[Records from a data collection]
# # #

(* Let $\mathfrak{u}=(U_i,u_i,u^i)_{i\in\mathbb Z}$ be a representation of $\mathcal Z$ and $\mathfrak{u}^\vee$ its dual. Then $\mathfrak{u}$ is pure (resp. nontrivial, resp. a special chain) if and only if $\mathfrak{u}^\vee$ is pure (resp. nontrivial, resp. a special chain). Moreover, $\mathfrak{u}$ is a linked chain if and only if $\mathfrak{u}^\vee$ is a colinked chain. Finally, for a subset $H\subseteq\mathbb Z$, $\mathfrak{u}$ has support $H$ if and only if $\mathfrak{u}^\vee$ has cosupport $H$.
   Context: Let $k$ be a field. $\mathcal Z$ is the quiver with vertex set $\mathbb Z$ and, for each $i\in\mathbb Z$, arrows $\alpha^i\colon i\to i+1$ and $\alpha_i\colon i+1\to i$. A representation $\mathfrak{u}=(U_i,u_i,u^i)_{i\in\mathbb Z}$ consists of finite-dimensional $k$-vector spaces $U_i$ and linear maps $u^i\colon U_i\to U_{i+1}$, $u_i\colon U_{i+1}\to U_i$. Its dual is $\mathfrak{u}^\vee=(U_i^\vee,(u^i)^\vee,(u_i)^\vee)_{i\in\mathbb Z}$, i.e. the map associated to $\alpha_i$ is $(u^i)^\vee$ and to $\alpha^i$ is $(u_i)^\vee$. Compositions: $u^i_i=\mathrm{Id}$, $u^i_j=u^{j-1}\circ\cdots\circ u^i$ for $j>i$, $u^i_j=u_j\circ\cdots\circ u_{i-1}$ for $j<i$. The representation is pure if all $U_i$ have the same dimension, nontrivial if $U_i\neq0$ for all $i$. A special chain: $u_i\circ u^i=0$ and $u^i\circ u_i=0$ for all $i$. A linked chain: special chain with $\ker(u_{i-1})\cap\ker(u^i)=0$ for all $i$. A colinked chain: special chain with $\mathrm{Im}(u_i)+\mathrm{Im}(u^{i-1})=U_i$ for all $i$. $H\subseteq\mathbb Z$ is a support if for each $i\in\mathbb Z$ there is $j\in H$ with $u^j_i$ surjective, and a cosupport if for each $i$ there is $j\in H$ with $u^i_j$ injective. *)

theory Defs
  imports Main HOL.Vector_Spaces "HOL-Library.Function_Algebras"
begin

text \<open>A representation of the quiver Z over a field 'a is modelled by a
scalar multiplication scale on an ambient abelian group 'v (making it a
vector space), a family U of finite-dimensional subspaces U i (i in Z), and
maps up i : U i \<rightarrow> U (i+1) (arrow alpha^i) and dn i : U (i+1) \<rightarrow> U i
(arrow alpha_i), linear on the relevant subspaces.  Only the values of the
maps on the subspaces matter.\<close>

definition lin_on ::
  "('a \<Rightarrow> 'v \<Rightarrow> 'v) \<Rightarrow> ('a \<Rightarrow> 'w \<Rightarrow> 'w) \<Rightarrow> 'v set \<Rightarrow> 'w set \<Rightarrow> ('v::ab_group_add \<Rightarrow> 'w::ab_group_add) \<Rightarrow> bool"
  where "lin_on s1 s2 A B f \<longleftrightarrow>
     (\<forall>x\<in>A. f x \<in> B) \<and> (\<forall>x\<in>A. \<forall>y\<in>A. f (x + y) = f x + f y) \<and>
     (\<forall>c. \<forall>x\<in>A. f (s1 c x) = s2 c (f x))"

# # #

Problem description. Could you reproduce all the records exactly?

Exercise response.
(* Let $\mathfrak{u}=(U_i,u_i,u^i)_{i\in\mathbb Z}$ be a representation of $\mathcal Z$ and $\mathfrak{u}^\vee$ its dual. Then $\mathfrak{u}$ is pure (resp. nontrivial, resp. a special chain) if and only if $\mathfrak{u}^\vee$ is pure (resp. nontrivial, resp. a special chain). Moreover, $\mathfrak{u}$ is a linked chain if and only if $\mathfrak{u}^\vee$ is a colinked chain. Finally, for a subset $H\subseteq\mathbb Z$, $\mathfrak{u}$ has support $H$ if and only if $\mathfrak{u}^\vee$ has cosupport $H$.
   Context: Let $k$ be a field. $\mathcal Z$ is the quiver with vertex set $\mathbb Z$ and, for each $i\in\mathbb Z$, arrows $\alpha^i\colon i\to i+1$ and $\alpha_i\colon i+1\to i$. A representation $\mathfrak{u}=(U_i,u_i,u^i)_{i\in\mathbb Z}$ consists of finite-dimensional $k$-vector spaces $U_i$ and linear maps $u^i\colon U_i\to U_{i+1}$, $u_i\colon U_{i+1}\to U_i$. Its dual is $\mathfrak{u}^\vee=(U_i^\vee,(u^i)^\vee,(u_i)^\vee)_{i\in\mathbb Z}$, i.e. the map associated to $\alpha_i$ is $(u^i)^\vee$ and to $\alpha^i$ is $(u_i)^\vee$. Compositions: $u^i_i=\mathrm{Id}$, $u^i_j=u^{j-1}\circ\cdots\circ u^i$ for $j>i$, $u^i_j=u_j\circ\cdots\circ u_{i-1}$ for $j<i$. The representation is pure if all $U_i$ have the same dimension, nontrivial if $U_i\neq0$ for all $i$. A special chain: $u_i\circ u^i=0$ and $u^i\circ u_i=0$ for all $i$. A linked chain: special chain with $\ker(u_{i-1})\cap\ker(u^i)=0$ for all $i$. A colinked chain: special chain with $\mathrm{Im}(u_i)+\mathrm{Im}(u^{i-1})=U_i$ for all $i$. $H\subseteq\mathbb Z$ is a support if for each $i\in\mathbb Z$ there is $j\in H$ with $u^j_i$ surjective, and a cosupport if for each $i$ there is $j\in H$ with $u^i_j$ injective. *)

theory Defs
  imports Main HOL.Vector_Spaces "HOL-Library.Function_Algebras"
begin

text \<open>A representation of the quiver Z over a field 'a is modelled by a
scalar multiplication scale on an ambient abelian group 'v (making it a
vector space), a family U of finite-dimensional subspaces U i (i in Z), and
maps up i : U i \<rightarrow> U (i+1) (arrow alpha^i) and dn i : U (i+1) \<rightarrow> U i
(arrow alpha_i), linear on the relevant subspaces.  Only the values of the
maps on the subspaces matter.\<close>

definition lin_on ::
  "('a \<Rightarrow> 'v \<Rightarrow> 'v) \<Rightarrow> ('a \<Rightarrow> 'w \<Rightarrow> 'w) \<Rightarrow> 'v set \<Rightarrow> 'w set \<Rightarrow> ('v::ab_group_add \<Rightarrow> 'w::ab_group_add) \<Rightarrow> bool"
  where "lin_on s1 s2 A B f \<longleftrightarrow>
     (\<forall>x\<in>A. f x \<in> B) \<and> (\<forall>x\<in>A. \<forall>y\<in>A. f (x + y) = f x + f y) \<and>
     (\<forall>c. \<forall>x\<in>A. f (s1 c x) = s2 c (f x))"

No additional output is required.